大会还为方教授安排了两场趣谈汉语人称的通俗讲座,那是对外开放的,什么人都可以来听。方教授从袁老师《不是东西》那本书得到启发,把讲座准备得深入浅出,并插入了很多笑话。他突然发现,讲笑话的人原来并不一定要具有幽默感。只要准备得好,像他这样枯燥的人反而有优势。讲笑话,自己不笑,而且装作一个书呆子,更具有一种特殊的喜剧效果。实际上,他根本用不着装,他的确是个书呆子,可是得让听众以为他是装出来的。发现了这个秘密后,方教授引人发笑,易如反掌。用在教课中,终生受益。当然,那是后话。
第一场,来的人不算多。方教授把那些可笑的例子用不动声色的方式讲出来,效果奇佳。他说:“古时候,皇帝称妻子为梓童,有人说梓乃贵木,那童又怎么讲呢?其实,是宋朝才开始写作梓童的,以前都是子童。妲己和吕后都自称子童,就是小孩,也就是宝贝。有点自谦,有点亲昵。诸侯和宰相称妻子为夫人,大夫的人,那可不是一般人的老婆。所以现在用夫人的时候,都是尊称。文人称妻子为执帚,他们喜欢追本求源,妇女的婦,繁体字不就是个女人拿把扫帚吗?雅士称妻子为拙荆,因为他们喜欢含蓄;荆条是做扫帚的材料,拙荆就是破扫帚。商贾称妻子为贱内,那些买卖人,脑子想的都是钱,什么贵,什么便宜。妻子是家里花钱的主儿,一文不挣,当然是贱内。酸秀才称妻子为娘子,他们在中举以前往往是受气包,经常挨妻子骂,一向对妻子毕恭毕敬,把她们当成小妈妈。一般人则称妻子为浑家,因为那些女人不懂规矩,昏头浑脑的。庄稼汉称妻子为婆姨,因为他们穷,一大家子人住在一起,到了晚上,黑灯瞎火的,也分不清楚谁是谁,叫婆姨就避免弄错了。”开始,听众只是吃吃地窃笑。听到这里,人们哄堂大笑了。方教授并没有想到会有这种喜剧效果,他不过是在解释这些人称而已。然而,他的反应不慢,虽然还是绷着脸,但他眨巴了一下眼睛说:“当然,我这只是为了帮助外国学生记住这些人称而做的解释,当不得真。”听众又笑成一团,觉得方教授既睿智,又幽默。
讲座十分成功,但方教授对主持人说:“可惜呀,听众来得这么少,还空了半间屋子。夏威夷的华人不少嘛,看来你们通知得不够。”主持人抱歉地说:“我们一定再发通告,用各种方式通知大家。”方教授刚要走,被当地一家小报记者拦住,遂接受了采访。交谈时,方教授无意中提到他还没有结婚。记者说夏威夷可是美女如云,方教授不会嫌我们这小岛偏僻,不予考虑吧?方教授笑了笑,不置可否。记者当晚发了篇快讯,其中半开玩笑地说方教授此行也许不仅是讲学之旅,可能还是寻芳之旅,并祝他如愿以偿。
第二场讲座爆满。

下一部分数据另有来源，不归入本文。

lemma row_relievable_imp_col_raisable:
  assumes "row_relievable n M f i" "i < n" "j < n" "f (i, j) < M i j"
  shows "col_raisable n M f j"
proof -
  obtain C where IH: "\<forall>\<^sub>F \<eta> in at_right 0. \<exists>g. subflow n M g \<and>
     (\<forall>p. \<bar>g p - f p\<bar> \<le> C * \<eta>) \<and> (\<forall>j<n. (\<Sum>i<n. g (i, j)) = (\<Sum>i<n. f (i, j))) \<and>
     (\<Sum>j<n. g (i, j)) \<le> 1 - \<eta>"
    using assms(1) by (auto simp: row_relievable_def)
  have step: "\<exists>g'. subflow n M g' \<and> (\<forall>p. \<bar>g' p - f p\<bar> \<le> (C + 1) * \<eta>) \<and>
      (\<forall>j'<n. (\<Sum>i<n. g' (i, j')) = (\<Sum>i<n. f (i, j')) + (if j' = j then \<eta> else 0))"
    if hyp: "(0 < \<eta> \<and> (C + 1) * \<eta> < M i j - f (i, j)) \<and>
      (\<exists>g. subflow n M g \<and> (\<forall>p. \<bar>g p - f p\<bar> \<le> C * \<eta>) \<and>
        (\<forall>j<n. (\<Sum>i<n. g (i, j)) = (\<Sum>i<n. f (i, j))) \<and> (\<Sum>j<n. g (i, j)) \<le> 1 - \<eta>)" for \<eta>
  proof -
    obtain g where g: "subflow n M g" "\<forall>p. \<bar>g p - f p\<bar> \<le> C * \<eta>"
      "\<forall>j<n. (\<Sum>i<n. g (i, j)) = (\<Sum>i<n. f (i, j))" "(\<Sum>j<n. g (i, j)) \<le> 1 - \<eta>"
      using hyp by blast
    have small: "0 < \<eta>" "(C + 1) * \<eta> < M i j - f (i, j)"
      using hyp by blast+
    have "g (i, j) \<le> f (i, j) + C * \<eta>"
      using spec[OF g(2), of "(i, j)"] by (simp add: abs_le_iff)
    then have "g (i, j) + \<eta> \<le> M i j"
      using small by (simp add: algebra_simps)
    moreover have "0 \<le> g (i, j)"
      using g(1) \<open>i < n\<close> \<open>j < n\<close> by (auto simp: subflow_def)
    ultimately have "subflow n M (g((i, j) := g (i, j) + \<eta>))"
      using small g(1,4) \<open>i < n\<close> \<open>j < n\<close> by (intro subflow_fun_upd) auto
    moreover have "\<bar>(g((i, j) := g (i, j) + \<eta>)) p - f p\<bar> \<le> (C + 1) * \<eta>" for p
      using dist_fun_upd[of g "(i, j)" "g (i, j) + \<eta>" p f] spec[OF g(2), of p] small
      by (simp add: distrib_right del: fun_upd_apply)
    ultimately show ?thesis
      using small g(3) \<open>i < n\<close> \<open>j < n\<close>
      by (intro exI[of _ "g((i, j) := g (i, j) + \<eta>)"])
        (simp add: sum_col_fun_upd del: fun_upd_apply)
  qed
  have slack: "0 < M i j - f (i, j)"
    using assms(4) by simp
  show ?thesis
    unfolding col_raisable_def
    by (intro exI[of _ "C + 1"] step
        eventually_mono[OF eventually_conj[OF eventually_scaled_less[OF slack] IH]])
qed

lemma residual_row_relievable_col_raisable:
  assumes "subflow n M f"
  shows "residual_row n M f i \<Longrightarrow> row_relievable n M f i"
    and "residual_col n M f j \<Longrightarrow> col_raisable n M f j"
proof (induction rule: residual_row_residual_col.inducts)
  case (deficient i)
  then show ?case
    using assms by (intro deficient_row_relievable)
next
  case (backward j i)
  then show ?case
    using residual_col_less by (intro col_raisable_imp_row_relievable)
next
  case (forward i j)
  then show ?case
    using residual_row_less by (intro row_relievable_imp_col_raisable)
qed

lemma flow_value_cols: "flow_value n f = (\<Sum>j<n. \<Sum>i<n. f (i, j))"
  unfolding flow_value_def by (rule sum.swap)

lemma maximum_flow_residual_col_full:
  assumes f: "maximum_flow n M f" and j: "residual_col n M f j"
  shows "(\<Sum>i<n. f (i, j)) = 1"
proof (rule ccontr)
  assume "(\<Sum>i<n. f (i, j)) \<noteq> 1"
  moreover have "j < n"
    using j by (rule residual_col_less)
  ultimately have "0 < 1 - (\<Sum>i<n. f (i, j))"
    using f by (auto simp: maximum_flow_def feasible_flow_def)
  moreover obtain C where "\<forall>\<^sub>F \<eta> in at_right 0. \<exists>g. subflow n M g \<and>
      (\<forall>p. \<bar>g p - f p\<bar> \<le> C * \<eta>) \<and>
      (\<forall>j'<n. (\<Sum>i<n. g (i, j')) = (\<Sum>i<n. f (i, j')) + (if j' = j then \<eta> else 0))"
    using residual_row_relievable_col_raisable(2)[OF _ j] f
    unfolding col_raisable_def maximum_flow_def feasible_flow_def by blast
  ultimately have "\<forall>\<^sub>F \<eta> in at_right 0. (0 < \<eta> \<and> 1 * \<eta> < 1 - (\<Sum>i<n. f (i, j))) \<and>
      (\<exists>g. subflow n M g \<and> (\<forall>p. \<bar>g p - f p\<bar> \<le> C * \<eta>) \<and>
        (\<forall>j'<n. (\<Sum>i<n. g (i, j')) = (\<Sum>i<n. f (i, j')) + (if j' = j then \<eta> else 0)))"
    by (rule eventually_conj[OF eventually_scaled_less])
  then obtain \<eta> g where \<eta>: "0 < \<eta>" "\<eta> < 1 - (\<Sum>i<n. f (i, j))" and "subflow n M g"
    and g_cols: "\<forall>j'<n. (\<Sum>i<n. g (i, j')) = (\<Sum>i<n. f (i, j')) + (if j' = j then \<eta> else 0)"
    by (auto dest: eventually_happens'[OF trivial_limit_at_right_real])
  then have "feasible_flow n M g"
    using f by (auto simp: feasible_flow_def maximum_flow_def)
  moreover have "flow_value n g = flow_value n f + \<eta>"
    using g_cols \<open>j < n\<close> by (simp add: flow_value_cols sum.distrib)
  ultimately show False
    using f \<eta> by (auto simp: maximum_flow_def)
qed

definition hall_condition :: "nat \<Rightarrow> (nat \<Rightarrow> nat \<Rightarrow> real) \<Rightarrow> bool" where
  "hall_condition n M \<longleftrightarrow> (\<forall>S T. S \<subseteq> {..<n} \<longrightarrow> T \<subseteq> {..<n} \<longrightarrow>
     real (card S) \<le> real (card T) + (\<Sum>i\<in>S. \<Sum>j\<in>{..<n} - T. M i j))"

lemma maximum_flow_row_full:
  assumes hall: "hall_condition n M" and f: "maximum_flow n M f" and "i < n"
  shows "(\<Sum>j<n. f (i, j)) = 1"
proof (rule ccontr)
  assume "(\<Sum>j<n. f (i, j)) \<noteq> 1"
  with f \<open>i < n\<close> have deficient: "(\<Sum>j<n. f (i, j)) < 1"
    by (auto simp: maximum_flow_def feasible_flow_def subflow_def)
  define S where "S = {i. i < n \<and> residual_row n M f i}"
  define T where "T = {j. j < n \<and> residual_col n M f j}"
  have S: "S \<subseteq> {..<n}" "finite S" and T: "T \<subseteq> {..<n}" "finite T"
    by (auto simp: S_def T_def intro: finite_subset)
  have f_bounds: "0 \<le> f (i', j)" "f (i', j) \<le> M i' j" "(\<Sum>j<n. f (i', j)) \<le> 1"
    if "i' < n" "j < n" for i' j
    using f that by (auto simp: maximum_flow_def feasible_flow_def subflow_def)
  have saturated: "f (i', j) = M i' j" if "i' \<in> S" "j \<in> {..<n} - T" for i' j
    using that f_bounds(2)[of i' j] by (fastforce simp: S_def T_def intro: forward)
  have empty: "f (i', j) = 0" if "i' \<in> {..<n} - S" "j \<in> T" for i' j
    using that f_bounds(1)[of i' j] by (fastforce simp: S_def T_def intro: backward)
  have "(\<Sum>i'\<in>S. \<Sum>j<n. f (i', j)) < (\<Sum>i'\<in>S. 1)"
    using S deficient f_bounds(3) \<open>i < n\<close>
    by (intro sum_strict_mono_ex1) (auto simp: S_def intro: residual_row_residual_col.deficient)
  also have "\<dots> \<le> real (card T) + (\<Sum>i'\<in>S. \<Sum>j\<in>{..<n} - T. M i' j)"
    using hall S T by (simp add: hall_condition_def)
  also have "real (card T) = (\<Sum>j\<in>T. \<Sum>i'<n. f (i', j))"
    using f T maximum_flow_residual_col_full by (simp add: T_def)
  also have "\<dots> = (\<Sum>j\<in>T. \<Sum>i'\<in>S. f (i', j))"
    using S empty by (intro sum.cong refl sum.mono_neutral_right) auto
  also have "(\<Sum>i'\<in>S. \<Sum>j\<in>{..<n} - T. M i' j) = (\<Sum>i'\<in>S. \<Sum>j\<in>{..<n} - T. f (i', j))"
    using saturated by simp
  also have "(\<Sum>j\<in>T. \<Sum>i'\<in>S. f (i', j)) + \<dots> = (\<Sum>i'\<in>S. \<Sum>j<n. f (i', j))"
    unfolding sum.swap[of _ S T]
    using T by (simp add: sum.distrib[symmetric] sum.subset_diff[of T "{..<n}"] add.commute)
  finally show False
    by simp
qed
definition ext_rep_graph :: "('e \<Rightarrow> 'v) \<Rightarrow> ('e \<Rightarrow> 'v) \<Rightarrow> ('v \<Rightarrow> 'e)
    \<Rightarrow> ('a, 'b, 'v, 'e) rgraph \<Rightarrow> bool" where
  "ext_rep_graph s r sp F \<longleftrightarrow>
     (\<forall>f\<in>gE F. gsrc F f \<in> gV F \<and> gtgt F f \<in> gV F
        \<and> sd s r (phiE F f) = phiV F (gsrc F f) \<and> rd s r (phiE F f) = phiV F (gtgt F f)) \<and>
     (\<forall>w\<in>gV F.
        let In = {f\<in>gE F. gtgt F f = w}; Out = {f\<in>gE F. gsrc F f = w};
            T = {d. sd s r d = phiV F w} in
        (In = {} \<and> bij_betw (phiE F) Out T) \<or>
        (\<exists>fw. In = {fw} \<and>
           (case phiE F fw of
              Real e \<Rightarrow> (if special s sp e then bij_betw (phiE F) Out (T - {Ghost e})
                         else bij_betw (phiE F) Out T)
            | Ghost e \<Rightarrow> bij_betw (phiE F) Out {d\<in>T. \<not> is_real d})))"

definition erg_iso :: "('a, 'b, 'v, 'e) rgraph \<Rightarrow> ('c, 'd, 'v, 'e) rgraph \<Rightarrow> bool" where
  "erg_iso F G \<longleftrightarrow> (\<exists>aV aE. bij_betw aV (gV F) (gV G) \<and> bij_betw aE (gE F) (gE G) \<and>
     (\<forall>f\<in>gE F. gsrc G (aE f) = aV (gsrc F f) \<and> gtgt G (aE f) = aV (gtgt F f)) \<and>
     (\<forall>w\<in>gV F. phiV G (aV w) = phiV F w) \<and>
     (\<forall>f\<in>gE F. phiE G (aE f) = phiE F f))"

text \<open>Construction of (F_x, phi_x), with 0-based indices:
  W i stands for w_{i+1}, WY i y for w_{i+1,y}, Fi i for f_{i+1}, FY i y for f_{i+1,y}.\<close>
datatype 'e fvert = W nat | WY nat "'e dedge list"
datatype 'e fedge = Fi nat | FY nat "'e dedge list"

definition Xi :: "('e \<Rightarrow> 'v) \<Rightarrow> ('e \<Rightarrow> 'v) \<Rightarrow> ('v \<Rightarrow> 'e) \<Rightarrow> 'e dedge list \<Rightarrow> nat
    \<Rightarrow> 'e dedge list set" where
  "Xi s r sp x i = {y. basis_path s r sp y \<and> basis_path s r sp [x ! i, hd y]
                      \<and> hd y \<noteq> x ! (Suc i mod length x)}"

definition Fx :: "('e \<Rightarrow> 'v) \<Rightarrow> ('e \<Rightarrow> 'v) \<Rightarrow> ('v \<Rightarrow> 'e) \<Rightarrow> 'e dedge list
    \<Rightarrow> ('e fvert, 'e fedge, 'v, 'e) rgraph" where
  "Fx s r sp x = (let m = length x in
     \<lparr> gV = {W i | i. i < m} \<union> {WY i y | i y. i < m \<and> y \<in> Xi s r sp x i},
       gE = {Fi i | i. i < m} \<union> {FY i y | i y. i < m \<and> y \<in> Xi s r sp x i},
       gsrc = (\<lambda>f. case f of Fi i \<Rightarrow> W ((i + m - 1) mod m)
                   | FY i y \<Rightarrow> (if length y = 1 then W i else WY i (butlast y))),
       gtgt = (\<lambda>f. case f of Fi i \<Rightarrow> W i | FY i y \<Rightarrow> WY i y),
       phiV = (\<lambda>w. case w of W i \<Rightarrow> rd s r (x ! i) | WY i y \<Rightarrow> rd s r (last y)),
       phiE = (\<lambda>f. case f of Fi i \<Rightarrow> x ! i | FY i y \<Rightarrow> last y) \<rparr>)"

end

theory Submission
  imports Defs
begin

text \<open>The vertices W i of F_x form the unique directed cycle of F_x, of length |x|, and
  all other vertices hang off it in trees.  An isomorphism must therefore map this cycle onto
  the cycle of F_z preserving the edge labels x_i, which forces z to be a rotation of x.
  Conversely, rotating x by one step just relabels the index i of F_x to i + 1 mod |x|.\<close>

lemma Fx_simps:
  "gV (Fx s r sp x) = {W i | i. i < length x} \<union> {WY i y | i y. i < length x \<and> y \<in> Xi s r sp x i}"
  "gE (Fx s r sp x) = {Fi i | i. i < length x} \<union> {FY i y | i y. i < length x \<and> y \<in> Xi s r sp x i}"
  "gsrc (Fx s r sp x) (Fi i) = W ((i + length x - 1) mod length x)"
  "gsrc (Fx s r sp x) (FY i y) = (if length y = 1 then W i else WY i (butlast y))"
  "gtgt (Fx s r sp x) (Fi i) = W i"
  "gtgt (Fx s r sp x) (FY i y) = WY i y"
  "phiV (Fx s r sp x) (W i) = rd s r (x ! i)"
  "phiV (Fx s r sp x) (WY i y) = rd s r (last y)"
  "phiE (Fx s r sp x) (Fi i) = x ! i"
  "phiE (Fx s r sp x) (FY i y) = last y"
  by (simp_all add: Fx_def Let_def)

lemma Suc_mod_pred_mod:
  fixes i n :: nat
  assumes "i < n"
  shows "Suc ((i + n - 1) mod n) mod n = i"
  using assms by (cases i) (auto simp: mod_Suc_eq)

lemma pred_mod_Suc_mod:
  fixes i n :: nat
  assumes "i < n"
  shows "(Suc i mod n + n - 1) mod n = i"
  using assms by (cases "Suc i = n") auto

第一排都是主持人动员来的工作人员,后面几乎全是中年女性。方教授一进屋,满眼珠光宝气,满室异香扑鼻。他愣了一下,以为自己走错了地方,刚要转身,主持人迎了上来,说要推迟一会儿再开始。人来得太多了,还有不少人没座位,他正安排工作人员搬椅子。十分钟后,屋子挤得满满当当。
方教授志得意满,又有了前一场的经验,这次讲得更好了,该停顿的地方,他适时地停顿并挤眼或做出极其无辜的表情,暗示刚刚说的话不是他的本意,而是笑话,还给大家的哄笑留足了时间。他万没想到自己能这么快,这么轻易就掌握了讲笑话的诀窍。虽然,这只是讲笑话的诀窍之一,但一招鲜,吃遍天。何况这一招这么适合自己的秉性,基本上不用学,而是一拍即合。
演讲刚一结束,无数手臂就射入空间,一时环佩叮当。原来很多人手腕上戴着不止一个镯子,碰撞之声,颇为悦耳。更有一位浑身上下重金属环绕的大块头不等主持人发话就迫不及待地站起身来发问:“方教授,在什么地方能够买到您的大作?自从我先生英年早逝以后,我就开始学习古文。我感到文言的人称很复杂,希望能够得到您的指导。”
不等方教授回答,一位脸上抹了足有半斤白粉的,一头乌发高耸如云的瘦高个也站起来:“方教授,我也需要您的大作。我业余苦读,十年寒窗,刚刚获得硕士学位,还要继续读博士。不知您是否招收博士生,能否留下您的联系方式?”
“方教授,我是《学友读书会》的主席,”一位穿蓝袜子的女士底气十足地说道:“我们每周聚会一次,研读四书五经。您是否肯大驾光临我们明天晚上的活动,并做指导?”
“方教授,我拜读过您的大作《文言虚词》。您这次讲文言称谓,很有新意。您是否打算撰写这方面的专著?如果是,能否考虑我们出版社?这是我的名片……”一位猴急的女编辑索性走上前去,把名片递给方教授。
另有七八位女士随即跟进,走过去围住方教授。会场顿时乱套了,方教授应接不暇。多亏主持人力挽狂澜,一边让前排的工作人员尽力挡住向前涌来的群芳众艳,一边费力地分开紧紧包围方教授的锦簇花团,并大声宣告与方教授的联络方式,趁着她们记录的功夫,拉着方教授逃出了娘子军的玉臂重围。